NIST issuing revised draft of zero trust guidance for public comment

The notion of zero trust networks and architecture intended to support better cybersecurity is often misunderstood. Cyber experts at the National Institute of Standards and Technology have put out a document to help. It’s called Zero Trust Architecture Special Publication 800-207. NIST computer scientist Scott Rose said the publication is meant to help generate a “conceptual framework” for agencies and cybersecurity experts to apply zero trust principles within their enterprise — both in their network infrastructure and how they actually do operations.

Zero Trust typically means the security belief that organizations should not automatically trust everything accessing their systems, and should be more selective about who can connect with what and why. It’s not a single technology solution, Rose clarified.

“Think of it as a set of principles in which to kind of generate a set of architecture and operations, which then become your zero trust architecture. And then when you execute that architecture and actually start building to it, you could say you are building a zero trust enterprise,” he said on Federal Monthly Insights — Zero Trust Month. “So you go from zero trust to kind of a set of principles that guide the generation of zero trust architecture, which then results in the creation of kind of a zero trust network or zero trust enterprise because it’s not just your network infrastructure. You also want to think about how you’re actually doing security operations or even network operations and this kind of new regime.”

The first draft of this guidance last fall received several public comments.

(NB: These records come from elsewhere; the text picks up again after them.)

lemma gram_eigenvalue_real_nonneg:
  fixes N :: "complex^'m^'k"
  assumes "(N ** adj N) *v u = z *s u" and "u \<noteq> 0"
  shows "z = complex_of_real (Re z) \<and> 0 \<le> Re z"
proof -
  let ?X = "N ** adj N"
  have scale: "(a *s u) \<bullet> (b *s u) = Re (cnj a * b) * (u \<bullet> u)" for a b
    by (simp add: inner_vec_def inner_complex_def sum_distrib_left algebra_simps)
  have uu: "0 < u \<bullet> u" using assms(2) by simp
  have "0 \<le> u \<bullet> (?X *v u)" by (simp add: inner_gram_matrix)
  also have "u \<bullet> (?X *v u) = Re z * (u \<bullet> u)"
    using assms(1) scale[of 1 z] by simp
  finally have "0 \<le> Re z" using uu by (simp add: zero_le_mult_iff)
  have "(?X *v u) \<bullet> (\<i> *s u) = u \<bullet> (?X *v (\<i> *s u))" by (simp add: gram_matrix_selfadjoint)
  then have "(z *s u) \<bullet> (\<i> *s u) = (1 *s u) \<bullet> ((\<i> * z) *s u)"
    using assms(1) by (simp add: vector_scalar_commute)
  then have "Im z * (u \<bullet> u) = - Im z * (u \<bullet> u)" by (simp only: scale) simp
  then have "Im z = 0" using uu by simp
  with \<open>0 \<le> Re z\<close> show ?thesis by (simp add: complex_eq_iff)
qed

lemma spectrum_iff_eigenvector: "z \<in> spectrum P \<longleftrightarrow> (\<exists>v. v \<noteq> 0 \<and> P *v v = z *s v)"
proof -
  have "invertible (P - mat z) \<longleftrightarrow> (\<forall>x. (P - mat z) *v x = 0 \<longrightarrow> x = 0)"
    by (simp add: invertible_left_inverse matrix_left_invertible_ker)
  then show ?thesis
    unfolding spectrum_def by (auto simp: matrix_vector_mult_diff_rdistrib matrix_vector_mult_mat)
qed

lemma spectrum_matrix_mult_swap:
  fixes P :: "complex^'m^'n" and Q :: "complex^'n^'m"
  assumes "z \<in> spectrum (P ** Q)" and "z \<noteq> 0"
  shows "z \<in> spectrum (Q ** P)"
proof -
  obtain v where v: "v \<noteq> 0" "(P ** Q) *v v = z *s v"
    using assms(1) spectrum_iff_eigenvector by blast
  have "(Q ** P) *v (Q *v v) = z *s (Q *v v)"
    using v(2) by (simp add: matrix_vector_mul_assoc[symmetric] vector_scalar_commute)
  moreover have "Q *v v \<noteq> 0"
    using v assms(2) by (auto simp: matrix_vector_mul_assoc[symmetric] vector_mul_eq_0)
  ultimately show ?thesis using spectrum_iff_eigenvector by blast
qed

lemma gram_product_eq: "adj L ** (M ** adj M) ** L = (adj L ** M) ** adj (adj L ** M)"
  by (simp add: adj_matrix_mult matrix_mul_assoc)

lemma nonzero_spectrum_gram_product:
  assumes "z \<noteq> 0"
  shows "z \<in> spectrum (L ** adj L ** (M ** adj M)) \<longleftrightarrow>
         z \<in> spectrum ((adj L ** M) ** adj (adj L ** M))"
proof -
  have "L ** adj L ** (M ** adj M) = L ** (adj L ** (M ** adj M))"
    by (simp add: matrix_mul_assoc)
  then show ?thesis
    using spectrum_matrix_mult_swap[OF _ assms, of L "adj L ** (M ** adj M)"]
      spectrum_matrix_mult_swap[OF _ assms, of "adj L ** (M ** adj M)" L]
    unfolding gram_product_eq by auto
qed

lemma spectrum_gram_product_Re_nonneg:
  assumes "z \<in> spectrum (L ** adj L ** (M ** adj M))"
  shows "0 \<le> Re z"
proof (cases "z = 0")
  case False
  then obtain u where "u \<noteq> 0" "((adj L ** M) ** adj (adj L ** M)) *v u = z *s u"
    using assms nonzero_spectrum_gram_product spectrum_iff_eigenvector by blast
  then show ?thesis using gram_eigenvalue_real_nonneg by blast
qed simp

lemma finite_spectrum_gram_product: "finite (spectrum (L ** adj L ** (M ** adj M)))"
proof -
  let ?X = "(adj L ** M) ** adj (adj L ** M)"
  have "spectrum (L ** adj L ** (M ** adj M))
        \<subseteq> insert 0 (complex_of_real ` {\<mu>. \<exists>v. v \<noteq> 0 \<and> ?X *v v = \<mu> *\<^sub>R v})"
  proof
    fix z assume z: "z \<in> spectrum (L ** adj L ** (M ** adj M))"
    show "z \<in> insert 0 (complex_of_real ` {\<mu>. \<exists>v. v \<noteq> 0 \<and> ?X *v v = \<mu> *\<^sub>R v})"
    proof (cases "z = 0")
      case False
      then obtain u where u: "u \<noteq> 0" "?X *v u = z *s u"
        using z nonzero_spectrum_gram_product spectrum_iff_eigenvector by blast
      then have "z = complex_of_real (Re z)" using gram_eigenvalue_real_nonneg by blast
      with u have "?X *v u = Re z *\<^sub>R u" by (metis scaleR_eq_of_real_scalar_mult)
      with u \<open>z = complex_of_real (Re z)\<close> show ?thesis by blast
    qed simp
  qed
  moreover have "finite {\<mu>. \<exists>v. v \<noteq> 0 \<and> ?X *v v = \<mu> *\<^sub>R v}"
    by (rule finite_eigenvalues_selfadjoint) (rule gram_matrix_selfadjoint)
  ultimately show ?thesis by (meson finite_imageI finite_insert finite_subset)
qed

lemma spectrum_gram_product_nonempty: "spectrum (L ** adj L ** (M ** adj M)) \<noteq> {}"
proof (cases "\<exists>q. (adj L ** M) *v q \<noteq> 0")
  case True
  then obtain q where "(adj L ** M) *v q \<noteq> 0" by blast
  then obtain \<mu> v where "0 < \<mu>" "v \<noteq> 0" "((adj L ** M) ** adj (adj L ** M)) *v v = \<mu> *\<^sub>R v"
    using gram_eigenvalue_le_rayleigh[of _ "adj L ** M"] by blast
  then have "complex_of_real \<mu> \<in> spectrum ((adj L ** M) ** adj (adj L ** M))"
    by (auto simp: spectrum_iff_eigenvector scaleR_eq_of_real_scalar_mult)
  then have "complex_of_real \<mu> \<in> spectrum (L ** adj L ** (M ** adj M))"
    using nonzero_spectrum_gram_product[of "complex_of_real \<mu>" L M] \<open>0 < \<mu>\<close> by simp
  then show ?thesis by blast
next
  case False
  then have "(L ** adj L ** (M ** adj M)) *v vec 1 = 0 *s vec 1"
    by (simp add: matrix_vector_mul_assoc[symmetric] matrix_mul_assoc)
  then have "0 \<in> spectrum (L ** adj L ** (M ** adj M))"
    unfolding spectrum_iff_eigenvector by (intro exI[of _ "vec 1"]) (simp add: vec_eq_iff)
  then show ?thesis by blast
qed

lemma min_spectrum_gram_product:
  shows "0 \<le> min_spectrum (L ** adj L ** (M ** adj M))"
    and "complex_of_real \<mu> \<in> spectrum (L ** adj L ** (M ** adj M)) \<Longrightarrow>
         min_spectrum (L ** adj L ** (M ** adj M)) \<le> \<mu>"
proof -
  let ?S = "spectrum (L ** adj L ** (M ** adj M))"
  have fin: "finite (Re ` ?S)" and ne: "Re ` ?S \<noteq> {}"
    using finite_spectrum_gram_product spectrum_gram_product_nonempty by auto
  show "0 \<le> min_spectrum (L ** adj L ** (M ** adj M))"
    unfolding min_spectrum_def using spectrum_gram_product_Re_nonneg[of _ L M]
    by (simp add: Min_ge_iff[OF fin ne])
  show "min_spectrum (L ** adj L ** (M ** adj M)) \<le> \<mu>" if "complex_of_real \<mu> \<in> ?S"
    unfolding min_spectrum_def using Min_le[OF fin] that by (metis Re_complex_of_real image_eqI)
qed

And then, while refining it NIST added a whole new subsection, compelling the agency to rerelease it for a second round of public comments — albeit only until March 13.

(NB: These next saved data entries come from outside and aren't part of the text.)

(* Let $N$ be a power of $4$ and let $S_N$ be the STOne matrix: $S_4=\frac12\begin{pmatrix}-1&1&1&1\\ 1&-1&1&1\\ 1&1&-1&1\\ 1&1&1&-1\end{pmatrix}$ and $S_{4^{k+1}}=S_4\otimes S_{4^k}$ for $k\ge1$ (Kronecker product). Let $v\in\mathbb{R}^N$, let $\mu=\mathrm{Mean}(v)\,1_N$, and define $e=S_Nv-\mu$, so that the $i$-th entry of $S_Nv$ equals $\mu_i+e(i)$. Then $\mathrm{Mean}(e)=0$ and $\mathrm{Var}(e)=\mathrm{Var}(v)$.
   Context: For $x\in\mathbb{R}^N$, $\mathrm{Mean}(x)=\frac1N\sum_{i=1}^N x_i$ and $\mathrm{Var}(x)=\frac1N\sum_{i=1}^N (x_i-\mathrm{Mean}(x))^2$. $1_N$ is the all-ones vector in $\mathbb{R}^N$. *)

theory Defs
  imports Complex_Main
begin

text \<open>Vectors in R^N are functions nat => real (only indices i < N matter);
  N x N matrices are functions nat => nat => real (only indices < N matter).\<close>

definition vmean :: "nat \<Rightarrow> (nat \<Rightarrow> real) \<Rightarrow> real" where
  "vmean N x = (\<Sum>i<N. x i) / real N"

definition vvar :: "nat \<Rightarrow> (nat \<Rightarrow> real) \<Rightarrow> real" where
  "vvar N x = (\<Sum>i<N. (x i - vmean N x)^2) / real N"

definition mat_vec :: "nat \<Rightarrow> (nat \<Rightarrow> nat \<Rightarrow> real) \<Rightarrow> (nat \<Rightarrow> real) \<Rightarrow> nat \<Rightarrow> real" where
  "mat_vec N A v = (\<lambda>i. \<Sum>j<N. A i j * v j)"

definition kron :: "(nat \<Rightarrow> nat \<Rightarrow> real) \<Rightarrow> nat \<Rightarrow> (nat \<Rightarrow> nat \<Rightarrow> real) \<Rightarrow> nat \<Rightarrow> nat \<Rightarrow> real" where
  "kron A m B = (\<lambda>i j. A (i div m) (j div m) * B (i mod m) (j mod m))"

definition S4 :: "nat \<Rightarrow> nat \<Rightarrow> real" where
  "S4 = (\<lambda>i j. if i = j then - 1/2 else 1/2)"

text \<open>stone k is the STOne matrix S_{4^k} (for k \<ge> 1).\<close>
fun stone :: "nat \<Rightarrow> nat \<Rightarrow> nat \<Rightarrow> real" where
  "stone 0 = (\<lambda>i j. 0)"
| "stone (Suc 0) = S4"
| "stone (Suc (Suc k)) = kron S4 (4 ^ Suc k) (stone (Suc k))"

end

theory Submission
  imports Defs
begin

text \<open>Every column of S4 sums to 1 and the columns are orthonormal; both properties pass to
  Kronecker products, hence to every STOne matrix. A matrix with unit column sums preserves the sum
  of a vector, and one with orthonormal columns preserves its sum of squares. So S v has the mean
  and the variance of v, and subtracting the constant Mean(v) centres it without changing the
  variance.\<close>

definition col_sums_one :: "nat \<Rightarrow> (nat \<Rightarrow> nat \<Rightarrow> real) \<Rightarrow> bool" where
  "col_sums_one n A \<longleftrightarrow> (\<forall>j<n. (\<Sum>i<n. A i j) = 1)"

definition orthonormal_cols :: "nat \<Rightarrow> (nat \<Rightarrow> nat \<Rightarrow> real) \<Rightarrow> bool" where
  "orthonormal_cols n A \<longleftrightarrow> (\<forall>j<n. \<forall>l<n. (\<Sum>i<n. A i j * A i l) = of_bool (j = l))"

lemma sum_lessThan_mult_nat:
  fixes f :: "nat \<Rightarrow> 'a::comm_monoid_add"
  shows "(\<Sum>i<n*m. f i) = (\<Sum>a<n. \<Sum>b<m. f (a*m + b))"
proof -
  have "(\<Sum>b<m. f (a*m + b)) = (\<Sum>i\<in>{a*m..<a*m + m}. f i)" for a
    using sum.shift_bounds_nat_ivl[of f 0 "a*m" m] by (simp add: atLeast0LessThan add.commute)
  then show ?thesis
    by (simp add: sum.nat_group)
qed

lemma sum_kron_mult:
  assumes "m > 0"
  shows "(\<Sum>i<n*m. kron A m B i j * kron C m D i l)
       = (\<Sum>a<n. A a (j div m) * C a (l div m)) * (\<Sum>b<m. B b (j mod m) * D b (l mod m))"
proof -
  have "(\<Sum>i<n*m. kron A m B i j * kron C m D i l)
      = (\<Sum>a<n. \<Sum>b<m. (A a (j div m) * C a (l div m)) * (B b (j mod m) * D b (l mod m)))"
    unfolding sum_lessThan_mult_nat kron_def using assms by (intro sum.cong refl) (simp add: mult_ac)
  then show ?thesis
    by (simp add: sum_product)
qed

lemma div_mod_less_mult:
  fixes j n m :: nat
  assumes "j < n*m"
  shows "j div m < n" "j mod m < m"
proof -
  show "j div m < n" using assms less_mult_imp_div_less[of j n m] by (simp add: mult.commute)
  show "j mod m < m" using assms by (cases m) simp_all
qed

lemma col_sums_one_kron:
  assumes "col_sums_one n A" and "col_sums_one m B"
  shows "col_sums_one (n*m) (kron A m B)"
  unfolding col_sums_one_def
proof (intro allI impI)
  fix j assume j: "j < n*m"
  then have "m > 0" by (cases m) auto
  \<comment> \<open>A column sum is the inner product with the all-ones matrix, itself a Kronecker product.\<close>
  have ones: "kron (\<lambda>_ _. 1) m (\<lambda>_ _. 1) = (\<lambda>_ _. 1)"
    by (simp add: kron_def)
  have "(\<Sum>i<n*m. kron A m B i j) = (\<Sum>i<n*m. kron A m B i j * kron (\<lambda>_ _. 1) m (\<lambda>_ _. 1) i j)"
    by (simp add: ones)
  also have "\<dots> = (\<Sum>a<n. A a (j div m)) * (\<Sum>b<m. B b (j mod m))"
    using sum_kron_mult[OF \<open>m > 0\<close>] by simp
  also have "\<dots> = 1"
    using assms div_mod_less_mult[OF j] by (simp add: col_sums_one_def)
  finally show "(\<Sum>i<n*m. kron A m B i j) = 1" .
qed

lemma orthonormal_cols_kron:
  assumes A: "orthonormal_cols n A" and B: "orthonormal_cols m B"
  shows "orthonormal_cols (n*m) (kron A m B)"
  unfolding orthonormal_cols_def
proof (intro allI impI)
  fix j l assume j: "j < n*m" and l: "l < n*m"
  then have "m > 0" by (cases m) auto
  have "(\<Sum>i<n*m. kron A m B i j * kron A m B i l)
      = (\<Sum>a<n. A a (j div m) * A a (l div m)) * (\<Sum>b<m. B b (j mod m) * B b (l mod m))"
    by (rule sum_kron_mult[OF \<open>m > 0\<close>])
  also have "\<dots> = of_bool (j div m = l div m) * of_bool (j mod m = l mod m)"
    using A B div_mod_less_mult[OF j] div_mod_less_mult[OF l] unfolding orthonormal_cols_def
    by presburger
  also have "\<dots> = of_bool (j = l)"
  proof -
    have "j = l \<longleftrightarrow> j div m = l div m \<and> j mod m = l mod m"
      by (metis div_mult_mod_eq)
    then show ?thesis by simp
  qed
  finally show "(\<Sum>i<n*m. kron A m B i j * kron A m B i l) = of_bool (j = l)" .
qed

lemma sum_lessThan_4: "(\<Sum>a<4::nat. g a) = g 0 + g 1 + g 2 + (g 3 :: real)"
  by (simp add: eval_nat_numeral)

lemma col_sums_one_S4: "col_sums_one 4 S4"
  unfolding col_sums_one_def sum_lessThan_4 S4_def
  by (auto simp: less_Suc_eq eval_nat_numeral)

lemma orthonormal_cols_S4: "orthonormal_cols 4 S4"
  unfolding orthonormal_cols_def sum_lessThan_4 S4_def
  by (auto simp: less_Suc_eq eval_nat_numeral)

lemma stone_Suc: "k \<ge> 1 \<Longrightarrow> stone (Suc k) = kron S4 (4^k) (stone k)"
  by (cases k) auto

lemma stone_col_sums_one: "k \<ge> 1 \<Longrightarrow> col_sums_one (4^k) (stone k)"
proof (induction k rule: nat_induct_at_least)
  case base
  show ?case using col_sums_one_S4 by simp
next
  case (Suc k)
  then show ?case
    using col_sums_one_kron[OF col_sums_one_S4] by (simp add: stone_Suc)
qed

lemma stone_orthonormal_cols: "k \<ge> 1 \<Longrightarrow> orthonormal_cols (4^k) (stone k)"
proof (induction k rule: nat_induct_at_least)
  case base
  show ?case using orthonormal_cols_S4 by simp
next
  case (Suc k)
  then show ?case
    using orthonormal_cols_kron[OF orthonormal_cols_S4] by (simp add: stone_Suc)
qed

lemma sum_mat_vec:
  assumes "col_sums_one N A"
  shows "(\<Sum>i<N. mat_vec N A v i) = (\<Sum>j<N. v j)"
proof -
  have "(\<Sum>i<N. mat_vec N A v i) = (\<Sum>j<N. (\<Sum>i<N. A i j) * v j)"
    unfolding mat_vec_def by (subst sum.swap) (simp add: sum_distrib_right)
  also have "\<dots> = (\<Sum>j<N. v j)"
    using assms by (simp add: col_sums_one_def)
  finally show ?thesis .
qed

lemma sum_squares_mat_vec:
  assumes "orthonormal_cols N A"
  shows "(\<Sum>i<N. (mat_vec N A v i)^2) = (\<Sum>j<N. (v j)^2)"
proof -
  have "(\<Sum>i<N. (mat_vec N A v i)^2) = (\<Sum>i<N. \<Sum>j<N. \<Sum>l<N. A i j * A i l * v j * v l)"
    unfolding mat_vec_def power2_eq_square sum_product by (simp add: mult_ac)
  also have "\<dots> = (\<Sum>j<N. \<Sum>l<N. (\<Sum>i<N. A i j * A i l) * v j * v l)"
    by (subst sum.swap, subst sum.swap) (simp add: sum_distrib_right)
  also have "\<dots> = (\<Sum>j<N. \<Sum>l<N. if j = l then v j * v l else 0)"
    using assms by (intro sum.cong refl) (simp add: orthonormal_cols_def)
  also have "\<dots> = (\<Sum>j<N. (v j)^2)"
    by (simp add: power2_eq_square)
  finally show ?thesis .
qed

lemma vmean_diff_const: "N > 0 \<Longrightarrow> vmean N (\<lambda>i. x i - c) = vmean N x - c"
  by (simp add: vmean_def sum_subtractf field_simps)

lemma vvar_diff_const: "vvar N (\<lambda>i. x i - c) = vvar N x"
  by (cases "N = 0") (simp_all add: vvar_def vmean_diff_const)

lemma vvar_eq_mean_squares:
  assumes "N > 0"
  shows "vvar N x = (\<Sum>i<N. (x i)^2) / real N - (vmean N x)^2"
  using assms
  by (simp add: vvar_def vmean_def power2_diff sum_subtractf sum.distrib sum_distrib_left
      sum_divide_distrib[symmetric] field_simps power2_eq_square)

theorem lemma1:
  fixes k N :: nat and v :: "nat \<Rightarrow> real"
  assumes "k \<ge> 1" and "N = 4 ^ k"
  defines "e \<equiv> (\<lambda>i. mat_vec N (stone k) v i - vmean N v)"
  shows "vmean N e = 0 \<and> vvar N e = vvar N v"
proof -
  have "N > 0" using assms(2) by simp
  have cols: "col_sums_one N (stone k)" "orthonormal_cols N (stone k)"
    using stone_col_sums_one stone_orthonormal_cols assms(1,2) by simp_all
  have mean: "vmean N (mat_vec N (stone k) v) = vmean N v"
    using sum_mat_vec[OF cols(1)] by (simp add: vmean_def)
  have "vmean N e = 0"
    using vmean_diff_const[OF \<open>N > 0\<close>] mean by (simp add: e_def)
  moreover have "vvar N e = vvar N v"
    using vvar_diff_const vvar_eq_mean_squares[OF \<open>N > 0\<close>] sum_squares_mat_vec[OF cols(2)] mean
    by (simp add: e_def)
  ultimately show ?thesis ..
qed

end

The guidance contains several sections describing the zero trust ecosystem of products and solutions, which gives agencies a way to think about the concept. Then, Rose said, it gives a series of approaches and models to form an abstract zero trust architecture map. The document also gives examples of zero trust’s connection to existing federal policies.

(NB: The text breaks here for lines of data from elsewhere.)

section \<open>Weakly quasi-transitive digraphs\<close>

definition sym_arc :: "('a \<times> 'a) set \<Rightarrow> 'a \<Rightarrow> 'a \<Rightarrow> bool" where
  "sym_arc A x y \<longleftrightarrow> (x, y) \<in> A \<and> (y, x) \<in> A"

definition nonsym_arc :: "('a \<times> 'a) set \<Rightarrow> 'a \<Rightarrow> 'a \<Rightarrow> bool" where
  "nonsym_arc A x y \<longleftrightarrow> (x, y) \<in> A \<and> (y, x) \<notin> A"

locale wqt_digraph =
  fixes V :: "'a set" and A :: "('a \<times> 'a) set"
  assumes digraph: "digraph V A" and wqt: "weakly_quasi_transitive V A"
begin

lemma finite_V: "finite V"
  using digraph unfolding digraph_def by blast

lemma loop_free: "(v, v) \<notin> A"
  using digraph unfolding digraph_def by blast

lemma arc_in_V: "(u, v) \<in> A \<Longrightarrow> u \<in> V \<and> v \<in> V"
  using digraph unfolding digraph_def by blast

lemma finite_out_nbrs: "finite (out_nbrs A v)"
  using finite_V arc_in_V unfolding out_nbrs_def by (blast intro: finite_subset)

lemma finite_in_nbrs: "finite (in_nbrs A v)"
  using finite_V arc_in_V unfolding in_nbrs_def by (blast intro: finite_subset)

lemma asynchronous_adjacent:
  assumes "v \<in> V" "u \<in> in_nbrs A v \<union> out_nbrs A v" "w \<in> in_nbrs A v \<union> out_nbrs A v"
    and "\<not> synchronous A v u w"
  shows "adjacent A u w"
  using wqt assms unfolding weakly_quasi_transitive_def by blast

lemma nonsym_path_adjacent: "nonsym_arc A u v \<Longrightarrow> nonsym_arc A v w \<Longrightarrow> adjacent A u w"
  by (rule asynchronous_adjacent[of v])
    (auto simp: nonsym_arc_def in_nbrs_def out_nbrs_def synchronous_def dest: arc_in_V)

lemma nonsym_in_sym_adjacent: "nonsym_arc A u v \<Longrightarrow> sym_arc A v s \<Longrightarrow> adjacent A u s"
  by (rule asynchronous_adjacent[of v])
    (auto simp: nonsym_arc_def sym_arc_def in_nbrs_def out_nbrs_def synchronous_def dest: arc_in_V)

Rose said agencies’ trust levels are mixed but over the last decade they’ve moved toward zero trust enterprises. New technology has facilitated this internal security, and moving to the cloud means traditional network boundaries no longer apply — to the dismay of firewalls.

“You have instances, at the various cloud providers throughout the country, you have remote workers, you have branch offices,” Rose said on Federal Drive with Tom Temin. “The whole idea of wrapping all your security around a single set of, say firewalls on a network perimeter, kind of just doesn’t work anymore.”

NIST hopes zero trust doesn’t bring headaches for users, in the form of repeatedly entering credentials to complete tasks. The zero trust demonstration project planned to launch at the National Cybersecurity Center of Excellence will examine user experience. Rose said the principle of the architecture is that all access be authenticated and authorized is not to say some background technologies can’t be used. User experience can affect changes in user behavior.

“A lot of these are kind of open-ended questions, and we’re not 100% sure how a kind of really strictly enforced zero trust architecture would work at an enterprise with regards to how everyday users are interacting with that. There’s still not enough data,” he said.

And whether a legacy network can be retrofitted to zero trust depends on how it’s currently built. Additional equipment or services may be needed for a strict identity governance system or device management, Rose said.

“So it all kind of depends on what the agency already has in place and how they’re currently set up,” said.